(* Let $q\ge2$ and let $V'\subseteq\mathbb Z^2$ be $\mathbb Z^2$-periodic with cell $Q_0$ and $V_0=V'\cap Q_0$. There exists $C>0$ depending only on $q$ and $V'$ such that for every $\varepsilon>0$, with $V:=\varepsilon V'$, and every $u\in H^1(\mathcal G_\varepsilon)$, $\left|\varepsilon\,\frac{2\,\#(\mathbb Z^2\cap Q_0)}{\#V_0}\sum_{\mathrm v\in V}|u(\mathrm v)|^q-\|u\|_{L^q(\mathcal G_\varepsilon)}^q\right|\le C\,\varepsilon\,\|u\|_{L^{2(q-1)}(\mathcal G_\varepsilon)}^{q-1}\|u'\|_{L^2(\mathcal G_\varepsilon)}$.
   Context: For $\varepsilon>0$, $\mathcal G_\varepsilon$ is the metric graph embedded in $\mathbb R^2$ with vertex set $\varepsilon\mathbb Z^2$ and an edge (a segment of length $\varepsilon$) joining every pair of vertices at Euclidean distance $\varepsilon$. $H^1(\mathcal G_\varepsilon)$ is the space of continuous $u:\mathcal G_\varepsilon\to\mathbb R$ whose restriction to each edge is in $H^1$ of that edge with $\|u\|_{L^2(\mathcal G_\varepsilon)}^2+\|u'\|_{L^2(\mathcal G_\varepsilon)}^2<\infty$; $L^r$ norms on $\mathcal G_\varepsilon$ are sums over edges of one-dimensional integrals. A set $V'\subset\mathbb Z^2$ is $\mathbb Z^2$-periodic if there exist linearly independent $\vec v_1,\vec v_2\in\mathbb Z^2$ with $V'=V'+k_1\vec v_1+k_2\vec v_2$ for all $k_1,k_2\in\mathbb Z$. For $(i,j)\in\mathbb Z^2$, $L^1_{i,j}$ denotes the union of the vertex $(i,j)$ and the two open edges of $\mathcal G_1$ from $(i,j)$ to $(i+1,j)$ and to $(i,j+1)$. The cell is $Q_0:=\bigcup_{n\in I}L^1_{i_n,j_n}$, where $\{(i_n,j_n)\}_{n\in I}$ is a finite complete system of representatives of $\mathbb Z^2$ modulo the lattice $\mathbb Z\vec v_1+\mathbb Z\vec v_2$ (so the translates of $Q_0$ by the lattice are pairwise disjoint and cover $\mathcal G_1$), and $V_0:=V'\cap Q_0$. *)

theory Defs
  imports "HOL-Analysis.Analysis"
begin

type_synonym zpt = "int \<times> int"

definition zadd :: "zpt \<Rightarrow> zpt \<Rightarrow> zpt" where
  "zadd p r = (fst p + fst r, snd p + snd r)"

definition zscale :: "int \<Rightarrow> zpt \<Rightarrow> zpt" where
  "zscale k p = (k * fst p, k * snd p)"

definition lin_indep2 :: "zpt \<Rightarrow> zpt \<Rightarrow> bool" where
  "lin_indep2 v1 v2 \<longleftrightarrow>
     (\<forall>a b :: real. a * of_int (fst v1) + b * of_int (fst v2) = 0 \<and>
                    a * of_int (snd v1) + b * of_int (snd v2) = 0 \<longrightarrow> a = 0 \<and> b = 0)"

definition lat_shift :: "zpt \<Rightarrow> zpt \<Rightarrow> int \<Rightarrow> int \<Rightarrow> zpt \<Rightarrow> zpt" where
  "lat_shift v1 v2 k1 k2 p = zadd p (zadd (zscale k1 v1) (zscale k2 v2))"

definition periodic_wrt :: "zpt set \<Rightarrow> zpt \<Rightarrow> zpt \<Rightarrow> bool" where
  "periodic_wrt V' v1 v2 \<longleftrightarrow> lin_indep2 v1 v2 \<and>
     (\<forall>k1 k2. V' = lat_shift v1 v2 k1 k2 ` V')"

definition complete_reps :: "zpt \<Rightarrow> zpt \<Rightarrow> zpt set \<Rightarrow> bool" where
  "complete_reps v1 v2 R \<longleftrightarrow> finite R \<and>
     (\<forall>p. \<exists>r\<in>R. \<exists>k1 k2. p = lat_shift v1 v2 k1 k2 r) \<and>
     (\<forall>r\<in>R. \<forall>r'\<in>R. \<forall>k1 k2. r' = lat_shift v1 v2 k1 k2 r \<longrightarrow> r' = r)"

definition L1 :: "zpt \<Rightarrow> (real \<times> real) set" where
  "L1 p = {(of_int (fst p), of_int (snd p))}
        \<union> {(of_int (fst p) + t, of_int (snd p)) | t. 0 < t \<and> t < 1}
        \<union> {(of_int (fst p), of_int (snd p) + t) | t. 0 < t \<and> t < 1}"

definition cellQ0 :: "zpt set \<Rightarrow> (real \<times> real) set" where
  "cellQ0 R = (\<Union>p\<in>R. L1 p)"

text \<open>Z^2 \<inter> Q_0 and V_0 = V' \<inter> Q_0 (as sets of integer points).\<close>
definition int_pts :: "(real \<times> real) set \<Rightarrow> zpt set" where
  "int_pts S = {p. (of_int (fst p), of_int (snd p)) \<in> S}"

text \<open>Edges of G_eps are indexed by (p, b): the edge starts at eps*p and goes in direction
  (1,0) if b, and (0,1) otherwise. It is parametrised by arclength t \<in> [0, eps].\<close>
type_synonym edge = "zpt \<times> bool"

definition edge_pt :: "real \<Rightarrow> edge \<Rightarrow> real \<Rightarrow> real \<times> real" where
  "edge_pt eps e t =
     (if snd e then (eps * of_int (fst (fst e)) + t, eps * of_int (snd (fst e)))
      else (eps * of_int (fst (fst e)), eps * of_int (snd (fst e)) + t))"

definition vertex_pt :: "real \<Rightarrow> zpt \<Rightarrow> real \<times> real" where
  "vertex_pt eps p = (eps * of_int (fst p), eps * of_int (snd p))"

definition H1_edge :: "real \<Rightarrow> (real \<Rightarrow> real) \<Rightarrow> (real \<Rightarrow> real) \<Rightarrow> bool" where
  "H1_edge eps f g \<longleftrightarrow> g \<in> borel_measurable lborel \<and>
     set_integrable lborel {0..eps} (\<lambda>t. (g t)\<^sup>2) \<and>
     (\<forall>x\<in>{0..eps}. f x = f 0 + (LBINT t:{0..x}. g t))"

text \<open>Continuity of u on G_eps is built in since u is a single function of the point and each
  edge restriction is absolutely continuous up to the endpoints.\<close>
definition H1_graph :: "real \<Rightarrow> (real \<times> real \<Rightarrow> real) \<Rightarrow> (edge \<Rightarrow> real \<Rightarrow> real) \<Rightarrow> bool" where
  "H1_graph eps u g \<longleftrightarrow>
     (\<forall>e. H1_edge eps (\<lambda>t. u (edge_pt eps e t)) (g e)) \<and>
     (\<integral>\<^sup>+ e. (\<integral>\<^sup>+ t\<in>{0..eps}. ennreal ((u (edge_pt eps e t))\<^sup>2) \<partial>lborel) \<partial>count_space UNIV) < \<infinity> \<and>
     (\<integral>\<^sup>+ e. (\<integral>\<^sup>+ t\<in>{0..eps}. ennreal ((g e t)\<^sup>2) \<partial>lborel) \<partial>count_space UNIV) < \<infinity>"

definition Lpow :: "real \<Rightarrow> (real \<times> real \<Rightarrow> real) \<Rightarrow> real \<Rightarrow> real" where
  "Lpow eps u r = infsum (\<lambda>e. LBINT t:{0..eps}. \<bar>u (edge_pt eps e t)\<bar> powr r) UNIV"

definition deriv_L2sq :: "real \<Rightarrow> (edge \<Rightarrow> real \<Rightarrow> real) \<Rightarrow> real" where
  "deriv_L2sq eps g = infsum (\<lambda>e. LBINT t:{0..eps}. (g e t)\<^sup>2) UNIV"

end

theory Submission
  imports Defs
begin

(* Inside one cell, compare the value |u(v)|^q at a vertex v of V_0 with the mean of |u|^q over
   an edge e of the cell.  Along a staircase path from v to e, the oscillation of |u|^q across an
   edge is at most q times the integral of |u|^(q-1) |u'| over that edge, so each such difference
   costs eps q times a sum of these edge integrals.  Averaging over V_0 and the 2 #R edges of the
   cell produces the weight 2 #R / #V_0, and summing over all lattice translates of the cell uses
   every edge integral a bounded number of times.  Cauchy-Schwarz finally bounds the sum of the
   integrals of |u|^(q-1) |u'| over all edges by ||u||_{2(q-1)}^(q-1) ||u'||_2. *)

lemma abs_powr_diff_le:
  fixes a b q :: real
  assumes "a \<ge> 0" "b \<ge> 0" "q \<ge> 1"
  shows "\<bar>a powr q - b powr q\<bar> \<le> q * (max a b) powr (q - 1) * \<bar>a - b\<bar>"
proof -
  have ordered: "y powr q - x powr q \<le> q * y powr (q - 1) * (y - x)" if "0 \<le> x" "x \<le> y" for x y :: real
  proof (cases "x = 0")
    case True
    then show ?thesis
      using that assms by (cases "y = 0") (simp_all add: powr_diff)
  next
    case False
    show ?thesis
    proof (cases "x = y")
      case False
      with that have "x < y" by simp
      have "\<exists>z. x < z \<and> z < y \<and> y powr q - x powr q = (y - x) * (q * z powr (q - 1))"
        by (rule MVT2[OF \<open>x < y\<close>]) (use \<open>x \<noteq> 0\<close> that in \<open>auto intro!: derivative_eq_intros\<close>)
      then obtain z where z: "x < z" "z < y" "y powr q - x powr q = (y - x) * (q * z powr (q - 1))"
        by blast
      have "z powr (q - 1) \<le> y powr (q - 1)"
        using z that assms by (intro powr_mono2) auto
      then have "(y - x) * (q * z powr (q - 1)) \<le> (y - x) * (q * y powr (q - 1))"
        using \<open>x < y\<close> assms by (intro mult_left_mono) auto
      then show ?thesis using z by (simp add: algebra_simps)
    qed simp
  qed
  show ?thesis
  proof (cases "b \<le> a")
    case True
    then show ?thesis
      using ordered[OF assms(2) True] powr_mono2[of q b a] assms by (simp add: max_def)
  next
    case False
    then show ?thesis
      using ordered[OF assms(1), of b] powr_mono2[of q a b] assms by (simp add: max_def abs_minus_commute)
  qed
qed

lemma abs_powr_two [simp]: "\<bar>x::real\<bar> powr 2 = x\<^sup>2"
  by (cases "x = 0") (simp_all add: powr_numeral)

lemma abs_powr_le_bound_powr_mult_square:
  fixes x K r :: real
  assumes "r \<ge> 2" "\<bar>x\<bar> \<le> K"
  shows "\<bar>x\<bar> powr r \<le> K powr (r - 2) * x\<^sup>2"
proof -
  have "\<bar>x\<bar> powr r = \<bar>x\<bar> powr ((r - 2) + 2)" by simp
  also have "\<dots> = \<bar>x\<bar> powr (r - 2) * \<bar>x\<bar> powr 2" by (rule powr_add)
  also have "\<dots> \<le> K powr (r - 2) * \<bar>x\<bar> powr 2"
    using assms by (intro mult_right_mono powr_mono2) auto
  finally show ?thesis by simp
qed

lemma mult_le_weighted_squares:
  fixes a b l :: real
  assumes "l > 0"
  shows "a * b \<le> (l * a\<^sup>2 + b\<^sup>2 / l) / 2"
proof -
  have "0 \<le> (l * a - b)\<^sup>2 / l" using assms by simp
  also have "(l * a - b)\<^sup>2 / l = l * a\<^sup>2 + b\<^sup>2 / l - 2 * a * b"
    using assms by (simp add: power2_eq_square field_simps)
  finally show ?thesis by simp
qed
==
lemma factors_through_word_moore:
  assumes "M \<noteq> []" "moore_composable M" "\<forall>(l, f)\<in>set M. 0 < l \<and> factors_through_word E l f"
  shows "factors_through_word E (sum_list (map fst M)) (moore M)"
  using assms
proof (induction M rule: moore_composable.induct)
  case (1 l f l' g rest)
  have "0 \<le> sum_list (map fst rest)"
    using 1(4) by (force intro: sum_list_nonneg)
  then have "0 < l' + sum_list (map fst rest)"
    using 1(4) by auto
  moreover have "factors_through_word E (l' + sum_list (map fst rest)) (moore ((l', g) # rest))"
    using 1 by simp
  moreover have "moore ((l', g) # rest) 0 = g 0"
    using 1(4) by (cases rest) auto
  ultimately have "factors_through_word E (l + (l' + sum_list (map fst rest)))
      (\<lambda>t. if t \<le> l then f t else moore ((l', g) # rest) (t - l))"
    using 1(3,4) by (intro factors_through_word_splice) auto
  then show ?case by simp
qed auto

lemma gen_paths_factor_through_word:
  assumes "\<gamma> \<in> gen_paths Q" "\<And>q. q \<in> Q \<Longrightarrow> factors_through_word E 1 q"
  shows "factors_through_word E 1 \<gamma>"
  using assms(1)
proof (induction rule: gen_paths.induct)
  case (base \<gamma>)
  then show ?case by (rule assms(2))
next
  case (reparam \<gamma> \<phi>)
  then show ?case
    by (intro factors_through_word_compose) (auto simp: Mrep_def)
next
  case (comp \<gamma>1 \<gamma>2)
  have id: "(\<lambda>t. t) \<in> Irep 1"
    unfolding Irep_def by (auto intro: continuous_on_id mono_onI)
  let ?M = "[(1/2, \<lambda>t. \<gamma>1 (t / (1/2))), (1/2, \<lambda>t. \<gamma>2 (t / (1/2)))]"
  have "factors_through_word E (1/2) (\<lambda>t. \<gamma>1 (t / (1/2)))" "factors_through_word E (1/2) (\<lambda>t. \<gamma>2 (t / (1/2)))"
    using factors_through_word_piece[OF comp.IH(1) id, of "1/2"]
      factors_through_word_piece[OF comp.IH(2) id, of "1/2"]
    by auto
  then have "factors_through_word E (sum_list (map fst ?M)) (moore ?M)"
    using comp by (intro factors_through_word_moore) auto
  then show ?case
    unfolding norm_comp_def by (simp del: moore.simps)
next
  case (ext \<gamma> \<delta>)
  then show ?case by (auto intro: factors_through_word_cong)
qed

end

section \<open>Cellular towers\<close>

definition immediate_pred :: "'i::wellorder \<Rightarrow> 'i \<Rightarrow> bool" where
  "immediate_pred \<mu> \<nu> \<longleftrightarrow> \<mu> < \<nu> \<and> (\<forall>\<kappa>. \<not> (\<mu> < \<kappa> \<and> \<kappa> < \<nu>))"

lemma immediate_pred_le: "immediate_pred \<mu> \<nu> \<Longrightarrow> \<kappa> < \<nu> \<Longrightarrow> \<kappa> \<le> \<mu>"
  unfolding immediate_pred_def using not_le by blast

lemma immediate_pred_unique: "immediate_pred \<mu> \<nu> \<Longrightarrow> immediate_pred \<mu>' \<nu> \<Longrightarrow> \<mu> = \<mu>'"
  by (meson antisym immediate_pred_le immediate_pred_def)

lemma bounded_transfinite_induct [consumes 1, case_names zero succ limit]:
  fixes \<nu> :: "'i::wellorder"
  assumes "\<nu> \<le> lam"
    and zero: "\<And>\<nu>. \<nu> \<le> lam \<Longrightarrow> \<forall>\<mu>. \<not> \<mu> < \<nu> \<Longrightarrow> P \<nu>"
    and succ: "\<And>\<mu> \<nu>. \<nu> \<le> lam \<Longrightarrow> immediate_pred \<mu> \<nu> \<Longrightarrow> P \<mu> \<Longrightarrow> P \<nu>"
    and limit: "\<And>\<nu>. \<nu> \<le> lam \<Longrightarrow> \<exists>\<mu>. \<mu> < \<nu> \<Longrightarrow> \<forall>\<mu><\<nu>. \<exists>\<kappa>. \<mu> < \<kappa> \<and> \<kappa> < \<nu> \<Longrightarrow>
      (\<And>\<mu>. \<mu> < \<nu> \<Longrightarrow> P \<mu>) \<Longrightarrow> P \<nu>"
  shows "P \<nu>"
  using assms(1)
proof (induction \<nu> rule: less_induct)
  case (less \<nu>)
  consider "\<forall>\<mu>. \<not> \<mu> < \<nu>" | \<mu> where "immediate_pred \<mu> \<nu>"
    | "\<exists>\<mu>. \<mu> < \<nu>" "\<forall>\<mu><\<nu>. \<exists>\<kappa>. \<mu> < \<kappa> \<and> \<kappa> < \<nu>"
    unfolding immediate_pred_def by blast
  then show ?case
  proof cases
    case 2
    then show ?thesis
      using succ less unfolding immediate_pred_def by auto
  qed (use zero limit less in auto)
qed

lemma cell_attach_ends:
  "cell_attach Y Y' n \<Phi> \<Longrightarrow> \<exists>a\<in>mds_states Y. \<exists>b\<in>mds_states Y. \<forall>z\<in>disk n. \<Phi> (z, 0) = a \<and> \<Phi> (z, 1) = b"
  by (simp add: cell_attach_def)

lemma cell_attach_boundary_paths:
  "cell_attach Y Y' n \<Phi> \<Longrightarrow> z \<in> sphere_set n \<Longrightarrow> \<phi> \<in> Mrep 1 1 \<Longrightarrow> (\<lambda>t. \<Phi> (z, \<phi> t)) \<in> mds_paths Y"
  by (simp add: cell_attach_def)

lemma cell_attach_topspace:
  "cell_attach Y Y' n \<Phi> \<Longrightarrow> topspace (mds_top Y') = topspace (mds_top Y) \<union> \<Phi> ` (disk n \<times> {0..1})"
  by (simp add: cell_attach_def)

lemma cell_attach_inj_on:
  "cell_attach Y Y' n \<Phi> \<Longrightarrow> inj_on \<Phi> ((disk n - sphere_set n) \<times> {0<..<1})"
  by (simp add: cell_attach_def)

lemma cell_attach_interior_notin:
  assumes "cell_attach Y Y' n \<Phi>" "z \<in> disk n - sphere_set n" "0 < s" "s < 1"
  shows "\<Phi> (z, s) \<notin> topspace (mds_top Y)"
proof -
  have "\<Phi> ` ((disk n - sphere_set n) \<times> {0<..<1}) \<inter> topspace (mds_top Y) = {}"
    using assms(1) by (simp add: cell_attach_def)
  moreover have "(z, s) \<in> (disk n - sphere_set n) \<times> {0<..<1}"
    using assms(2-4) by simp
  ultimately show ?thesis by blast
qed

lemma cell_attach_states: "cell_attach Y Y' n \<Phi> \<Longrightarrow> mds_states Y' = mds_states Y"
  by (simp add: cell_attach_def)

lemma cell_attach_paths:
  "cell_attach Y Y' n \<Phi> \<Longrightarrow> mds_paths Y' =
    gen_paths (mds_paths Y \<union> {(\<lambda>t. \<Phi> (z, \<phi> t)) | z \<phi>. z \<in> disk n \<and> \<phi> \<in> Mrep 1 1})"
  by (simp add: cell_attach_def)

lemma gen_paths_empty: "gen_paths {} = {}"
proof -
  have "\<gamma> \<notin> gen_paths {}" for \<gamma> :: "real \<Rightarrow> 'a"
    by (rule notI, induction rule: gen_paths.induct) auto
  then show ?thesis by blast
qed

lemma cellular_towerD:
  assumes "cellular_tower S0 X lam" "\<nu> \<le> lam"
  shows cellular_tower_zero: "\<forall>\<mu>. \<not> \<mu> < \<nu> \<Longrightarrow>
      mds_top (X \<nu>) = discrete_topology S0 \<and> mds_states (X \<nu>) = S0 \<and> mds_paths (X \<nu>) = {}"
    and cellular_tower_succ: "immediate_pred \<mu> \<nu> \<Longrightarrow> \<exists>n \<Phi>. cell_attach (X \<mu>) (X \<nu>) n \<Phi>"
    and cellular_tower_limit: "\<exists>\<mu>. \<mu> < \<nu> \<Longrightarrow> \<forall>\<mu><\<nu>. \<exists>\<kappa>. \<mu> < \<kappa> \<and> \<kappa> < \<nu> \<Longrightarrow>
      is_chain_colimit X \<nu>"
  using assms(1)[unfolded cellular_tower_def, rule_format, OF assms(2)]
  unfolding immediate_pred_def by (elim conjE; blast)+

## EXERCISE
Please reproduce exactly the lines in the listing above from the one containing "ennreal ((g e" through the one containing "1) \<le> y powr", both included, and nothing more.

## ANSWER AREA
     (\<integral>\<^sup>+ e. (\<integral>\<^sup>+ t\<in>{0..eps}. ennreal ((g e t)\<^sup>2) \<partial>lborel) \<partial>count_space UNIV) < \<infinity>"

definition Lpow :: "real \<Rightarrow> (real \<times> real \<Rightarrow> real) \<Rightarrow> real \<Rightarrow> real" where
  "Lpow eps u r = infsum (\<lambda>e. LBINT t:{0..eps}. \<bar>u (edge_pt eps e t)\<bar> powr r) UNIV"

definition deriv_L2sq :: "real \<Rightarrow> (edge \<Rightarrow> real \<Rightarrow> real) \<Rightarrow> real" where
  "deriv_L2sq eps g = infsum (\<lambda>e. LBINT t:{0..eps}. (g e t)\<^sup>2) UNIV"

end

theory Submission
  imports Defs
begin

(* Inside one cell, compare the value |u(v)|^q at a vertex v of V_0 with the mean of |u|^q over
   an edge e of the cell.  Along a staircase path from v to e, the oscillation of |u|^q across an
   edge is at most q times the integral of |u|^(q-1) |u'| over that edge, so each such difference
   costs eps q times a sum of these edge integrals.  Averaging over V_0 and the 2 #R edges of the
   cell produces the weight 2 #R / #V_0, and summing over all lattice translates of the cell uses
   every edge integral a bounded number of times.  Cauchy-Schwarz finally bounds the sum of the
   integrals of |u|^(q-1) |u'| over all edges by ||u||_{2(q-1)}^(q-1) ||u'||_2. *)

lemma abs_powr_diff_le:
  fixes a b q :: real
  assumes "a \<ge> 0" "b \<ge> 0" "q \<ge> 1"
  shows "\<bar>a powr q - b powr q\<bar> \<le> q * (max a b) powr (q - 1) * \<bar>a - b\<bar>"
proof -
  have ordered: "y powr q - x powr q \<le> q * y powr (q - 1) * (y - x)" if "0 \<le> x" "x \<le> y" for x y :: real
  proof (cases "x = 0")
    case True
    then show ?thesis
      using that assms by (cases "y = 0") (simp_all add: powr_diff)
  next
    case False
    show ?thesis
    proof (cases "x = y")
      case False
      with that have "x < y" by simp
      have "\<exists>z. x < z \<and> z < y \<and> y powr q - x powr q = (y - x) * (q * z powr (q - 1))"
        by (rule MVT2[OF \<open>x < y\<close>]) (use \<open>x \<noteq> 0\<close> that in \<open>auto intro!: derivative_eq_intros\<close>)
      then obtain z where z: "x < z" "z < y" "y powr q - x powr q = (y - x) * (q * z powr (q - 1))"
        by blast
      have "z powr (q - 1) \<le> y powr (q - 1)"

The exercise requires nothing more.